** DATA TO EXAMINE follows **
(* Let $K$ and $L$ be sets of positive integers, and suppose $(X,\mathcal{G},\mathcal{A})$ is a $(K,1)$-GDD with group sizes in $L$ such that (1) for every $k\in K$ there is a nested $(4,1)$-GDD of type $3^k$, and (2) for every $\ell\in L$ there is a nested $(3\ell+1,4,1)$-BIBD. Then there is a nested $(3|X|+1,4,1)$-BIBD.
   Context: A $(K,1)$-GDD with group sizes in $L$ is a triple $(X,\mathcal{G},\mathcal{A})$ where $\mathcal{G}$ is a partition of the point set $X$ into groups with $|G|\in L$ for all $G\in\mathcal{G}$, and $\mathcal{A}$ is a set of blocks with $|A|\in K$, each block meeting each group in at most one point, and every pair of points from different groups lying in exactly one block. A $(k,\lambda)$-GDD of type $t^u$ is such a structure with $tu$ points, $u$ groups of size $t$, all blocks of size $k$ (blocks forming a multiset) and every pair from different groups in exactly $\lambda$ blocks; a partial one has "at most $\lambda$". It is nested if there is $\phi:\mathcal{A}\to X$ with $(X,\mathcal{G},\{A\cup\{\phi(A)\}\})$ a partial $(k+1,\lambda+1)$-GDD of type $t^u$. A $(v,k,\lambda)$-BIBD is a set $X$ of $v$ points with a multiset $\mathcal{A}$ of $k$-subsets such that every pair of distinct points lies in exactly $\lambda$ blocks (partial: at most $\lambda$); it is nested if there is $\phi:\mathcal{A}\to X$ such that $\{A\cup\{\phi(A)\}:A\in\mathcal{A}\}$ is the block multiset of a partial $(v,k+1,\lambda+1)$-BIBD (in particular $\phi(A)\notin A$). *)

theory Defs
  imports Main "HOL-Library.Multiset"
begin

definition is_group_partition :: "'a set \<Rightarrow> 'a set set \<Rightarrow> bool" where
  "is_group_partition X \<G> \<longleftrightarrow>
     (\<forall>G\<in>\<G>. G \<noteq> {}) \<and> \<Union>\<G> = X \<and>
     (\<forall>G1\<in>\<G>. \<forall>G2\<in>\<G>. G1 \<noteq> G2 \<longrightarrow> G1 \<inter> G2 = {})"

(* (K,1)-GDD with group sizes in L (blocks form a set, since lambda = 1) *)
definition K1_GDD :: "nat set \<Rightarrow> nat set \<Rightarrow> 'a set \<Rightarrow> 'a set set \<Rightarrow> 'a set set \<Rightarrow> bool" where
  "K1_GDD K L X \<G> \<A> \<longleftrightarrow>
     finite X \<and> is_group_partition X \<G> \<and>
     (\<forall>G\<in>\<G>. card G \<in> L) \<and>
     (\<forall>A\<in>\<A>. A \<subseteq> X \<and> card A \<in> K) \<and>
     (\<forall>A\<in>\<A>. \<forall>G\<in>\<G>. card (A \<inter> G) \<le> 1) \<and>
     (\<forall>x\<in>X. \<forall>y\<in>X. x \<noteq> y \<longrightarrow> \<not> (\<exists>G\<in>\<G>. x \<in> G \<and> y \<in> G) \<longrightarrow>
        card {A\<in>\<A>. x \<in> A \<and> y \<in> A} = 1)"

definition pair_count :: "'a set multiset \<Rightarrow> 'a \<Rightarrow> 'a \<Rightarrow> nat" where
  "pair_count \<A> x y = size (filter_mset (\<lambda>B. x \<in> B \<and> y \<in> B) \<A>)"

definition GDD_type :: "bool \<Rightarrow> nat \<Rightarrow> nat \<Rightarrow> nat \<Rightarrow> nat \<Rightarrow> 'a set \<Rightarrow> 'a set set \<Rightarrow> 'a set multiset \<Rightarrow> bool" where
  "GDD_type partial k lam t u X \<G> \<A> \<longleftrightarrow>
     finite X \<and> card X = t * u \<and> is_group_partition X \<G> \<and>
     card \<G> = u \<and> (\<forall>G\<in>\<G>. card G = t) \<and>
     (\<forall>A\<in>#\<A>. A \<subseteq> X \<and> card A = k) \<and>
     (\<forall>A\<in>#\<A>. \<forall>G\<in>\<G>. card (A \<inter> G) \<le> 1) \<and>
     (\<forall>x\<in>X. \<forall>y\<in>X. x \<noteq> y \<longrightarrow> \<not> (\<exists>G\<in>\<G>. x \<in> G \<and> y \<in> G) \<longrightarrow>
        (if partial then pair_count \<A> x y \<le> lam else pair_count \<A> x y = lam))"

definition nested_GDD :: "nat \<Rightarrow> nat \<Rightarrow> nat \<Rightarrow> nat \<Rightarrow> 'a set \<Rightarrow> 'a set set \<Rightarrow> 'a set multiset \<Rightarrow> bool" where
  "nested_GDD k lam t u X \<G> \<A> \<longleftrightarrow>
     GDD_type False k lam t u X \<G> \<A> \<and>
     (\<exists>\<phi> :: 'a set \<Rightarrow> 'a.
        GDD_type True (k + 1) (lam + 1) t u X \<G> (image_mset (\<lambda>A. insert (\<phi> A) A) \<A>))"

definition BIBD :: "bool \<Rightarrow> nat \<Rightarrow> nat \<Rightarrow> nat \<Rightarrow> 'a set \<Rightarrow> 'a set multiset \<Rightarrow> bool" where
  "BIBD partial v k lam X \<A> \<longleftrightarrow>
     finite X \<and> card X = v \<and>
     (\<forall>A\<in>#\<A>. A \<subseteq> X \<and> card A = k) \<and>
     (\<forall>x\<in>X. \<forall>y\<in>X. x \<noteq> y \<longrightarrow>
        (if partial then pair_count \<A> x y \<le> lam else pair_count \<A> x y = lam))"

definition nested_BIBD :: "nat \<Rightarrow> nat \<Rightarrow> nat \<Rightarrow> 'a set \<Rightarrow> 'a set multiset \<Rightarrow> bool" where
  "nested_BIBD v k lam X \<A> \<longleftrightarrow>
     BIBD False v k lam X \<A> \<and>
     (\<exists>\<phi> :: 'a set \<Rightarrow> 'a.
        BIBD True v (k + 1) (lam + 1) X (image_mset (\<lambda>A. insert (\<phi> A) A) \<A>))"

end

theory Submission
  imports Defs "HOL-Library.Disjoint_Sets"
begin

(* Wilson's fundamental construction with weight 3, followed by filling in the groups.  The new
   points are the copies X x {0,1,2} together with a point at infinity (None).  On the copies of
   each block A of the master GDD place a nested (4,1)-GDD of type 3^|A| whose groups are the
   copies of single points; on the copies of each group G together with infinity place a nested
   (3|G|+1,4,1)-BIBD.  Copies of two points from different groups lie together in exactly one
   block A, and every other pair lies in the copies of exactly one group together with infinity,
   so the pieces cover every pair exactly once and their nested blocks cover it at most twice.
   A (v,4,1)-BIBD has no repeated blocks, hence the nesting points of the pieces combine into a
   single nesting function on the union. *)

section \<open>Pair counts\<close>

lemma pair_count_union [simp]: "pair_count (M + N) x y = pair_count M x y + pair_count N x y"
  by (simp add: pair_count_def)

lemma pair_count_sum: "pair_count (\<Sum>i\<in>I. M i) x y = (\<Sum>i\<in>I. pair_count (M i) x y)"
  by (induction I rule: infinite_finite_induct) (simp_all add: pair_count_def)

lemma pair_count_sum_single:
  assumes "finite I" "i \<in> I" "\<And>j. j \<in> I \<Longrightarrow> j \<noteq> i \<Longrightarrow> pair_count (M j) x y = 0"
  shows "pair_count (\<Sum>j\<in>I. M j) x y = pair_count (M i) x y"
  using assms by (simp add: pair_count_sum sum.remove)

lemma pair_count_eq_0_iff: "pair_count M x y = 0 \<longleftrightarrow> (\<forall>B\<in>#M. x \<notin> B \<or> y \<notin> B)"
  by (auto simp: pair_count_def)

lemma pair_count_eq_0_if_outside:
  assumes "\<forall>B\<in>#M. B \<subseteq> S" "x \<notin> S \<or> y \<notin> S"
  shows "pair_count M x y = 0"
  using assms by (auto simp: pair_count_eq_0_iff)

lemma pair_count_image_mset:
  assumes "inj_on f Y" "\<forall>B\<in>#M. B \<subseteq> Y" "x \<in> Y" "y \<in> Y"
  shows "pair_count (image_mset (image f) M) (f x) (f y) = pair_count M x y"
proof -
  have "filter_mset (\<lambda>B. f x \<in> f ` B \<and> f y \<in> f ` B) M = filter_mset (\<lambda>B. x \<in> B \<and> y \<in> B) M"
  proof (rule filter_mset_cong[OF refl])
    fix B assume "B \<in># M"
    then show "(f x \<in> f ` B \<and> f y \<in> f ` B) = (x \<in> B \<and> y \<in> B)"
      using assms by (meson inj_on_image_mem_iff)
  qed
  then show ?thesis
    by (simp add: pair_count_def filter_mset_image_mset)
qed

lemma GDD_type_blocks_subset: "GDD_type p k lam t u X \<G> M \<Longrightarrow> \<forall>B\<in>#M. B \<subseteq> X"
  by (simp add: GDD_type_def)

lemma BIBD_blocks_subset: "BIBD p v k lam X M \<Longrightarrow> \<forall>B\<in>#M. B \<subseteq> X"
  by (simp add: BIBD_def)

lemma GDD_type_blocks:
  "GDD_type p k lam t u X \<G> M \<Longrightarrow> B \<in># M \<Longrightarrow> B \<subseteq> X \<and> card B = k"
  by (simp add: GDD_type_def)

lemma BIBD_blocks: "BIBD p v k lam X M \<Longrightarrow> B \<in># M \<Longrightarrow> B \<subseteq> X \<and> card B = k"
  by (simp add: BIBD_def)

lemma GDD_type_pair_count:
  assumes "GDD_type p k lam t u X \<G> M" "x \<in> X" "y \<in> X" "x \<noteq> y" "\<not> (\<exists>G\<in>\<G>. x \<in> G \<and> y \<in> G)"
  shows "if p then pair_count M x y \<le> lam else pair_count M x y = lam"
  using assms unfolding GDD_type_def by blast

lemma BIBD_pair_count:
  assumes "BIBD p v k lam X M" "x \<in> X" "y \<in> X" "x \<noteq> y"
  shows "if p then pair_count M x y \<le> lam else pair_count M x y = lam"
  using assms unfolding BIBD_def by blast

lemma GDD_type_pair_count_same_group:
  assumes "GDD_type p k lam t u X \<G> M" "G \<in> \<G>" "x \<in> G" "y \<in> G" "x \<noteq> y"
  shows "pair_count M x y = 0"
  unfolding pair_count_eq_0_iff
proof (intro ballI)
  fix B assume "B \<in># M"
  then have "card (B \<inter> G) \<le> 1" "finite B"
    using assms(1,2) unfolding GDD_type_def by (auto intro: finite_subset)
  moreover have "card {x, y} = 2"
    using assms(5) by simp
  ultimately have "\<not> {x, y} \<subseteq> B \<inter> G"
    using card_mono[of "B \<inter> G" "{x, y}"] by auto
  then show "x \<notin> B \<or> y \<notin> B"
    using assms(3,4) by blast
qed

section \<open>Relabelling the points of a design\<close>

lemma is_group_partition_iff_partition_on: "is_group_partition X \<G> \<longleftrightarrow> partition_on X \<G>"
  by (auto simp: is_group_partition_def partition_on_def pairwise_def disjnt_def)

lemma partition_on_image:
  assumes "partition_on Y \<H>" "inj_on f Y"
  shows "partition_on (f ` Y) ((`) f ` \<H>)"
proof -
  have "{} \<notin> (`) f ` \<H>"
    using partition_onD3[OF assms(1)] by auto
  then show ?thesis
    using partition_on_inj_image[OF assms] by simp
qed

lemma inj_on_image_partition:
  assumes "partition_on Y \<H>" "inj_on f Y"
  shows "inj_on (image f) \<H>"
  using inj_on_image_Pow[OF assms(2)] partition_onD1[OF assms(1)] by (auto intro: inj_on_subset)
** End of DATA TO EXAMINE **
PROBLEM = Please report how many lines in the listing above contain the word "inter", and give nothing but the number.

EXERCISE SOLUTION = 6